[by JSC5]

This paragraph from an essay by Dennis Overbye on discoveries in astrophysics really blew me away:

“Call it the two-sigma blues. **Two-sigma** is mathematical jargon for a measurement or discovery of some kind that **sticks up high enough above the random noise to be interesting but not high enough to really mean anything conclusive**. For the record, **the criterion for a genuine discovery is known as five-sigma**, suggesting there is less than one chance in roughly 3 million that it is wrong.
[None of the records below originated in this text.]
(* Let $\ell,k$ be integers with $k>2$ and $\ell>6$, and let $t>0$ be real with $T=\lfloor tk\rfloor$. Let $B_{\ell,k}$ be the graph constructed as follows: for each $1\le r\le k$ take disjoint paths $x_{0,r}x_{1,r}\cdots x_{\ell+1,r}$ and $y_{0,r}y_{1,r}y_{2,r}y_{3,r}y_{4,r}y_{5,r}$; identify all $x_{0,r},y_{0,r}$ ($1\le r\le k$) into a single vertex $u$; identify all $x_{\ell+1,r},y_{5,r}$ into a single vertex $v$; identify $y_{2,1},\dots,y_{2,k}$ into a single vertex $y_{2,*}$ and $y_{3,1},\dots,y_{3,k}$ into a single vertex $y_{3,*}$ (so the $k$ edges $y_{2,r}y_{3,r}$ become the single edge $y_{2,*}y_{3,*}$). Let $H_{\ell,k,t}$ be obtained from $B_{\ell,k}$ by adding $T$ pendant vertices $u_1,\dots,u_T$ adjacent to $u$ and $T$ pendant vertices $v_1,\dots,v_T$ adjacent to $v$. Then the orbits on the vertex set of $H_{\ell,k,t}$ of the group of graph automorphisms fixing $u$ are $\{u_r\}_{r}$, $\{u\}$, $\{x_{1,r}\}_r,\dots,\{x_{\ell,r}\}_r$, $\{y_{1,r}\}_r$, $\{y_{2,*}\}$, $\{y_{3,*}\}$, $\{y_{4,r}\}_r$, $\{v\}$, $\{v_r\}_r$.
   Context: A graph automorphism is a bijection of the vertex set preserving adjacency and non-adjacency. *)

theory Defs
  imports Complex_Main
begin

text \<open>Vertices of H_{l,k,t} after the identifications:
  U = u = x_{0,r} = y_{0,r};  V = v = x_{l+1,r} = y_{5,r};
  X i r = x_{i,r} (1 <= i <= l, 1 <= r <= k);  Y1 r = y_{1,r};  Y2 = y_{2,*};
  Y3 = y_{3,*};  Y4 r = y_{4,r};  PU r = u_r, PV r = v_r (1 <= r <= T).\<close>
datatype hvert = U | V | X nat nat | Y1 nat | Y2 | Y3 | Y4 nat | PU nat | PV nat

definition H_verts :: "nat \<Rightarrow> nat \<Rightarrow> nat \<Rightarrow> hvert set" where
  "H_verts l k T = {U, V, Y2, Y3}
     \<union> {X i r | i r. 1 \<le> i \<and> i \<le> l \<and> 1 \<le> r \<and> r \<le> k}
     \<union> {Y1 r | r. 1 \<le> r \<and> r \<le> k} \<union> {Y4 r | r. 1 \<le> r \<and> r \<le> k}
     \<union> {PU r | r. 1 \<le> r \<and> r \<le> T} \<union> {PV r | r. 1 \<le> r \<and> r \<le> T}"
Two sigma, leaving a 2.5 percent chance of being wrong, is just high enough to jangle the nerves.”

If you think back to your first statistics class, you’ll remember a bunch of ways for testing an observation for significance, and I’ll bet you $10 you used the 95% confidence level for just about everything you did in that class. It’s become the default level for significance in most social sciences. Run the regression, and if p<.05, bam, you’re done. Call it significant and move on.
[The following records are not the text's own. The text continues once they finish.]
(* Consider the setting described in the context and assume $D>2$. For $t\ge 1$ let $\mathcal{I}_0(t)=\bigcup_{m=0}^{t-1}\mathcal{F}_0(m)$. Then for every $t\ge1$, $a_i(t)\le 2N$ for all $i\in\mathcal{I}_0(t)$.
   Context: $G=(V,E)$ is a finite connected undirected graph with node set $V=\{0,\dots,N-1\}$; $\mathcal{N}(i)$ denotes the set of neighbours of $i$. Every edge has length $1$, $d_{ij}$ is the hop distance between $i$ and $j$, and $\mathcal{F}_k(m)=\{i\in V : d_{ik}=m\}$. Every node carries value $v_i=1$. The source set is $S(t)=\{D-1\}$ for $t\le 0$ and $S(t)=\{0\}$ for $t\ge 1$. The integer $D$ satisfies $\max_{i\in V}d_{i0}=D-1$, and nodes are labelled so that $0,1,\dots,D-1$ is a path in which node $i$ is a neighbour of $i+1$ with $d_{0,i}=i$ for $0\le i\le D-1$. The algorithm updates, for $t\ge1$: $\hat d_i(t)=0$ if $i\in S(t)$, and $\hat d_i(t)=\min_{j\in\mathcal{N}(i)}\{\hat d_j(t-1)+1\}$ otherwise; $c_i(t)=i$ if $i\in S(t)$, and otherwise $c_i(t)$ is a minimizer $j\in\mathcal{N}(i)$ of $\hat d_j(t-1)+1$; $C_i(t)=\{j : c_j(t-1)=i \text{ and } \hat d_j(t-1)=\hat d_i(t)+1\}$; $a_i(t)=\sum_{j\in C_i(t)}a_j(t-1)+v_i$. Initial values $(\hat d_i(0),c_i(0),a_i(0))$ are steady-state values of these recursions when the source set is constantly $\{D-1\}$; in particular $\hat d_i(0)=m$ for all $i\in\mathcal{F}_{D-1}(m)$, and for every integer $m$, $\sum_{i\in\mathcal{F}_{D-1}(m)}a_i(0)\le N$. *)

theory Defs
  imports Main
begin

fun walk :: "(nat \<Rightarrow> nat \<Rightarrow> bool) \<Rightarrow> nat \<Rightarrow> nat \<Rightarrow> nat \<Rightarrow> bool" where
  "walk E 0 i j = (i = j)"
| "walk E (Suc n) i j = (\<exists>k. E i k \<and> walk E n k j)"

definition hopdist :: "(nat \<Rightarrow> nat \<Rightarrow> bool) \<Rightarrow> nat \<Rightarrow> nat \<Rightarrow> nat" where
  "hopdist E i j = (LEAST n. walk E n i j)"

definition nbrs :: "(nat \<Rightarrow> nat \<Rightarrow> bool) \<Rightarrow> nat \<Rightarrow> nat set" where
  "nbrs E i = {j. E i j}"

definition conn_graph :: "nat \<Rightarrow> (nat \<Rightarrow> nat \<Rightarrow> bool) \<Rightarrow> bool" where
  "conn_graph N E \<longleftrightarrow>
     (\<forall>i j. E i j \<longrightarrow> i < N \<and> j < N) \<and>
     (\<forall>i j. E i j \<longleftrightarrow> E j i) \<and>
     (\<forall>i. \<not> E i i) \<and>
     (\<forall>i<N. \<forall>j<N. \<exists>n. walk E n i j)"

definition dupd :: "(nat \<Rightarrow> nat \<Rightarrow> bool) \<Rightarrow> (nat \<Rightarrow> nat) \<Rightarrow> nat \<Rightarrow> nat" where
  "dupd E dprev i = Min ((\<lambda>j. dprev j + 1) ` nbrs E i)"

text \<open>Children set C_i: nodes j (in V) with c_j(prev) = i and dhat_j(prev) = dhat_i(now) + 1.\<close>
definition Cset :: "nat \<Rightarrow> (nat \<Rightarrow> nat) \<Rightarrow> (nat \<Rightarrow> nat) \<Rightarrow> nat \<Rightarrow> nat \<Rightarrow> nat set" where
  "Cset N cprev dprev di i = {j. j < N \<and> cprev j = i \<and> dprev j = di + 1}"

end

(* Call dh s x + s the potential of node x at time s. Unrolling the recursion for a shows
   that a t i is the number of (node, time) pairs, with time in 1..t, in the tree of
   contributors to i, plus the time-0 aggregates at the leaves of that tree. A child at
   time s has estimate one more than its parent at time s + 1, so the potential is constant
   along the tree and every pair has potential M = dh t i + t.

   A fixed node x attains M at most twice: while s <= d(x,0) the estimate dh s x is
   nondecreasing in s, so the potential is strictly increasing, and afterwards dh s x = d(x,0).
   The time-0 leaves at level M have, by the steady state, total aggregate at most the number
   of nodes x with dh 0 x >= M, and such an x never attains M in the first phase, where its
   potential exceeds dh 0 x. Thus a t i <= 2 N for every node and every time. *)

theory Submission
  imports Defs
begin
Then along comes a hard science like astrophysics that *puts everyone else to shame*. These guys run right past .05 without looking back, at .025 their nerves start “jangling”, but it’s not until 3.33 x 10^-7 that they’re ready to go ahead and say, “Excuse me, sir, but I think I have a genuine discovery on my hands.” Meanwhile the economics/poly sci grad student next door has run 1000 new regressions and ‘discovered’ a bunch of things that turn out not to be quite right but still get published with frightening frequency.

And that’s why people trust astrophysicists.

### Like this:

Like Loading...

*Related*

The idea that “the criterion for a genuine discovery is known as five-sigma,” is a terrible mistake.
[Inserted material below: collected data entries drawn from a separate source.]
lemma cols_indep_real_kernel_trivial:
  assumes "cols_indep_real A J" "card J = r"
    and "\<forall>i<dim_row A. (\<Sum>b<r. real_entry A i (pick J b) * x b) = 0"
  shows "\<forall>b<r. x b = 0"
proof (intro allI impI)
  fix b assume b: "b < r"
  have J: "finite J" "J \<subseteq> {..<dim_col A}"
    using assms(1) finite_subset by (auto simp: cols_indep_real_def)
  define c where "c j = x (card {a\<in>J. a < j})" for j
  have c_pick: "c (pick J a) = x a" if "a < r" for a
    unfolding c_def using card_pick[of a J] that assms(2) by simp
  have "(\<Sum>j\<in>J. c j * real_entry A i j) = 0" if "i < dim_row A" for i
    using assms(3) that by (simp add: sum_pick[OF J(1) assms(2)] c_pick mult.commute)
  hence "\<forall>j\<in>J. c j = 0"
    using assms(1) unfolding cols_indep_real_def by blast
  thus "x b = 0"
    using c_pick[OF b] pick_in_subset[OF assms(2) b] by simp
qed

lemma exists_nonsingular_rank_minor:
  obtains I J where "I \<subseteq> {..<dim_row A}" "J \<subseteq> {..<dim_col A}" "card I = real_rank A"
    "card J = real_rank A" "det (submatrix A I J) \<noteq> 0"
proof -
  obtain J where J: "cols_indep_real A J" "card J = real_rank A"
    using real_rank_attained by blast
  obtain I where I: "I \<subseteq> {..<dim_row A}" "card I = real_rank A"
    "det (minor_mat (\<lambda>i b. real_entry A i (pick J b)) (pick I) id (real_rank A)) \<noteq> 0"
    by (rule exists_nonsingular_rows[OF cols_indep_real_kernel_trivial[OF J]])
  have "minor_mat (\<lambda>i b. real_entry A i (pick J b)) (pick I) id (real_rank A) =
      minor_mat (real_entry A) (pick I) (pick J) (real_rank A)"
    by (rule minor_mat_cong) simp
  moreover have "J \<subseteq> {..<dim_col A}"
    using J(1) by (simp add: cols_indep_real_def)
  ultimately show thesis
    using that I J det_minor_mat_real_entry[of I A J "real_rank A"] by simp
qed

text \<open>The coordinates of column \<open>j\<close> of \<open>A\<close> in the basis formed by the columns \<open>J\<close>; they are
  arbitrary if column \<open>j\<close> is not in the span of these columns.\<close>
definition basis_coord :: "int mat \<Rightarrow> nat set \<Rightarrow> nat \<Rightarrow> nat \<Rightarrow> real" where
  "basis_coord A J b j = (SOME l. \<forall>i<dim_row A.
      real_entry A i j = (\<Sum>c<card J. l c * real_entry A i (pick J c))) b"

definition basis_coord_mat :: "int mat \<Rightarrow> nat set \<Rightarrow> int mat" where
  "basis_coord_mat A J = mat (card J) (dim_col A) (\<lambda>(b, j). round (basis_coord A J b j))"

locale nonsingular_rank_minor =
  fixes A :: "int mat" and I J :: "nat set"
  assumes rows: "I \<subseteq> {..<dim_row A}" and cols: "J \<subseteq> {..<dim_col A}"
    and card_rows: "card I = real_rank A" and card_cols: "card J = real_rank A"
    and nonsingular: "det (submatrix A I J) \<noteq> 0"
begin

abbreviation r :: nat where "r \<equiv> real_rank A"

lemma finite_cols: "finite J"
  using cols finite_subset by blast

lemma pick_rows_lt: "a < r \<Longrightarrow> pick I a < dim_row A"
  using pick_in_subset[OF card_rows] rows by auto

lemma pick_cols_lt: "a < r \<Longrightarrow> pick J a < dim_col A"
  using pick_in_subset[OF card_cols] cols by auto

lemma col_in_basis_iff: "j \<in> J \<longleftrightarrow> (\<exists>b<r. j = pick J b)"
  using bij_betw_pick[OF finite_cols card_cols] by (auto simp: bij_betw_def)

lemma basis_rows_kernel_trivial:
  assumes "\<And>a. a < r \<Longrightarrow> (\<Sum>c<r. real_entry A (pick I a) (pick J c) * x c) = 0" and "c < r"
  shows "x c = 0"
proof -
  have "det (minor_mat (real_entry A) (pick I) (pick J) r) \<noteq> 0"
    using nonsingular det_minor_mat_real_entry[OF rows cols card_rows card_cols] by simp
  thus ?thesis
    using assms unfolding det_minor_mat_nonzero_iff by blast
qed

lemma cols_indep_real_basis: "cols_indep_real A J"
  unfolding cols_indep_real_def
proof (intro conjI allI impI ballI)
  fix x j assume x: "\<forall>i<dim_row A. (\<Sum>j\<in>J. x j * real_entry A i j) = 0" and "j \<in> J"
  then obtain b where b: "b < r" "j = pick J b"
    using col_in_basis_iff by blast
  have "(\<Sum>c<r. real_entry A (pick I a) (pick J c) * x (pick J c)) = 0" if "a < r" for a
    using x pick_rows_lt[OF that] by (simp add: sum_pick[OF finite_cols card_cols] mult.commute)
  thus "x j = 0"
    using basis_rows_kernel_trivial[of "\<lambda>c. x (pick J c)", OF _ b(1)] b(2) by simp
qed (rule cols)

lemma basis_spans_col:
  assumes "j < dim_col A"
  shows "\<exists>l. \<forall>i<dim_row A. real_entry A i j = (\<Sum>c<card J. l c * real_entry A i (pick J c))"
proof (cases "j \<in> J")
  case True
  then obtain b where b: "b < r" "j = pick J b"
    using col_in_basis_iff by blast
  have "real_entry A i j = (\<Sum>c<card J. (if c = b then 1 else 0) * real_entry A i (pick J c))" for i
    using b card_cols by (simp add: if_distrib[of "\<lambda>x. x * _"] sum.delta cong: if_cong)
  thus ?thesis
    by (intro exI[of _ "\<lambda>c. if c = b then 1 else 0"]) blast
next
  case False
  have "card (insert j J) = r + 1"
    using False finite_cols card_cols by simp
  hence "\<not> cols_indep_real A (insert j J)"
    using card_le_real_rank[of A "insert j J"] by linarith
  moreover have "insert j J \<subseteq> {..<dim_col A}"
    using assms cols by auto
  ultimately obtain x where x: "\<forall>i<dim_row A. x j * real_entry A i j + (\<Sum>j'\<in>J. x j' * real_entry A i j') = 0"
    and nonzero: "\<not> (\<forall>j'\<in>insert j J. x j' = 0)"
    using False finite_cols unfolding cols_indep_real_def by auto
  have "x j \<noteq> 0"
  proof
    assume "x j = 0"
    hence "\<forall>j'\<in>J. x j' = 0"
      using x cols_indep_real_basis unfolding cols_indep_real_def by simp
    thus False
      using nonzero \<open>x j = 0\<close> by simp
  qed
  hence "real_entry A i j = (\<Sum>c<card J. (- x (pick J c) / x j) * real_entry A i (pick J c))"
    if "i < dim_row A" for i
    using x that sum_pick[OF finite_cols refl, of "\<lambda>j'. x j' * real_entry A i j'"]
    by (simp add: sum_divide_distrib[symmetric] sum_negf field_simps add_eq_0_iff2)
  thus ?thesis
    by (intro exI[of _ "\<lambda>c. - x (pick J c) / x j"]) blast
qed

lemma col_eq_basis_comb:
  assumes "j < dim_col A" "i < dim_row A"
  shows "real_entry A i j = (\<Sum>c<r. basis_coord A J c j * real_entry A i (pick J c))"
  using someI_ex[OF basis_spans_col[OF assms(1)]] assms(2) card_cols
  unfolding basis_coord_def by simp

lemma basis_comb_unique:
  assumes "\<And>i. i < dim_row A \<Longrightarrow>
      (\<Sum>c<r. l c * real_entry A i (pick J c)) = (\<Sum>c<r. l' c * real_entry A i (pick J c))"
    and "c < r"
  shows "l c = l' c"
proof -
  have "(\<Sum>c<r. real_entry A (pick I a) (pick J c) * (l c - l' c)) = 0" if "a < r" for a
    using assms(1)[OF pick_rows_lt[OF that]] by (simp add: sum_subtractf algebra_simps)
  thus ?thesis
    using basis_rows_kernel_trivial[of "\<lambda>c. l c - l' c", OF _ assms(2)] by simp
qed

lemma basis_coord_basis_col:
  assumes "a < r" "b < r"
  shows "basis_coord A J a (pick J b) = (if a = b then 1 else 0)"
proof (rule basis_comb_unique[OF _ assms(1)])
  fix i assume "i < dim_row A"
  thus "(\<Sum>c<r. basis_coord A J c (pick J b) * real_entry A i (pick J c)) =
      (\<Sum>c<r. (if c = b then 1 else 0) * real_entry A i (pick J c))"
    using col_eq_basis_comb[OF pick_cols_lt[OF assms(2)]] assms(2)
    by (simp add: if_distrib[of "\<lambda>x. x * _"] sum.delta cong: if_cong)
qed

lemma det_minor_mat_factor:
  assumes "\<And>t. t < r \<Longrightarrow> h t < dim_col A"
  shows "det (minor_mat (real_entry A) (pick I) h r) =
    det (minor_mat (real_entry A) (pick I) (pick J) r) * det (minor_mat (basis_coord A J) id h r)"
proof -
  have "minor_mat (real_entry A) (pick I) h r =
      minor_mat (real_entry A) (pick I) (pick J) r * minor_mat (basis_coord A J) id h r"
    (is "?M = ?B * ?C")
  proof (rule eq_matI)
    fix a t assume "a < dim_row (?B * ?C)" "t < dim_col (?B * ?C)"
    hence "a < r" "t < r"
      by auto
    thus "?M $$ (a, t) = (?B * ?C) $$ (a, t)"
      using col_eq_basis_comb[OF assms pick_rows_lt]
      by (simp add: scalar_prod_def atLeast0LessThan mult.commute)
  qed auto
  thus ?thesis
    by (simp add: det_mult[of _ r])
qed

lemma basis_coord_minor_zero_or_maximal:
  assumes "K \<subseteq> {..<r}" "card K = k" "L \<subseteq> {..<dim_col A}" "card L = k"
  shows "det (minor_mat (basis_coord A J) (pick K) (pick L) k) = 0 \<or>
    (\<exists>X \<subseteq> {..<dim_col A}. card X = r \<and>
      \<bar>det (minor_mat (basis_coord A J) (pick K) (pick L) k)\<bar> =
      \<bar>det (minor_mat (basis_coord A J) id (pick X) r)\<bar>)"
proof -
  have "inj_on (pick J) {..<r}" "pick J ` {..<r} \<subseteq> {..<dim_col A}"
    using bij_betw_pick[OF finite_cols card_cols] cols by (auto simp: bij_betw_def)
  from minor_with_unit_cols_zero_or_maximal[OF this, of "basis_coord A J", OF basis_coord_basis_col assms]
  show ?thesis .
qed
The high number of false alarms from statistical tests by the “economics/poly sci grad student next door” is because they follow cookbook statistical recipes without proper appreciation of other factors which affect the actual probability associated with an observation or experiment, and the topics of their study are riddled with extra variables, often unknown, usually uncontrollable, which affect the outcome. It’s unfortunate that some disciplines publish so many mistaken “results” in spite of the fact that if they were analyzed in detail, with proper statistical treatment, they wouldn’t pass muster.

But it’s also unfortunate that some of what you call “hard” sciences similarly fail in their statistical treatment of data. But instead of allowing so many false results to get published, they go to the other extreme and insist on a ridiculously high statistical significance level. The 5-sigma “significance” requirement isn’t because these hard sciences are so reliable. Quite the opposite, it’s unreliability that motivates them to overcompensate in the other direction.

I’m sorry to burst your “astrophysics is so trustworthy” bubble, but the fact is that if you have to resort to setting the statistical bar at 5-sigma, then

you’re doin’ it wrong. At least, that’s my opinion. And since I’m a professional statistician who’s done quite a bit of research analyzing astrophysical data, I might know a thing or two about the topic that Dennis Overbye doesn’t.Interesting. What confidence level do you like to use in your own work? Does it depend on the particular subject or observatory instrument?

Wow … what a can of worms.

Among statisticians the practice of hypothesis testing using a fixed confidence level is declining in popularity. What’s more popular is to compute the “p-value,” i.e., the probability of getting a given result if the null hypothesis is true. If the p-value is < 0.05 it would pass the "95% confidence" test, but as I say that's a practice that's less favored these days — for many (myself included) it simply makes more sense to say the p-value is such-and-such and let others decide for themselves how "significant" that is.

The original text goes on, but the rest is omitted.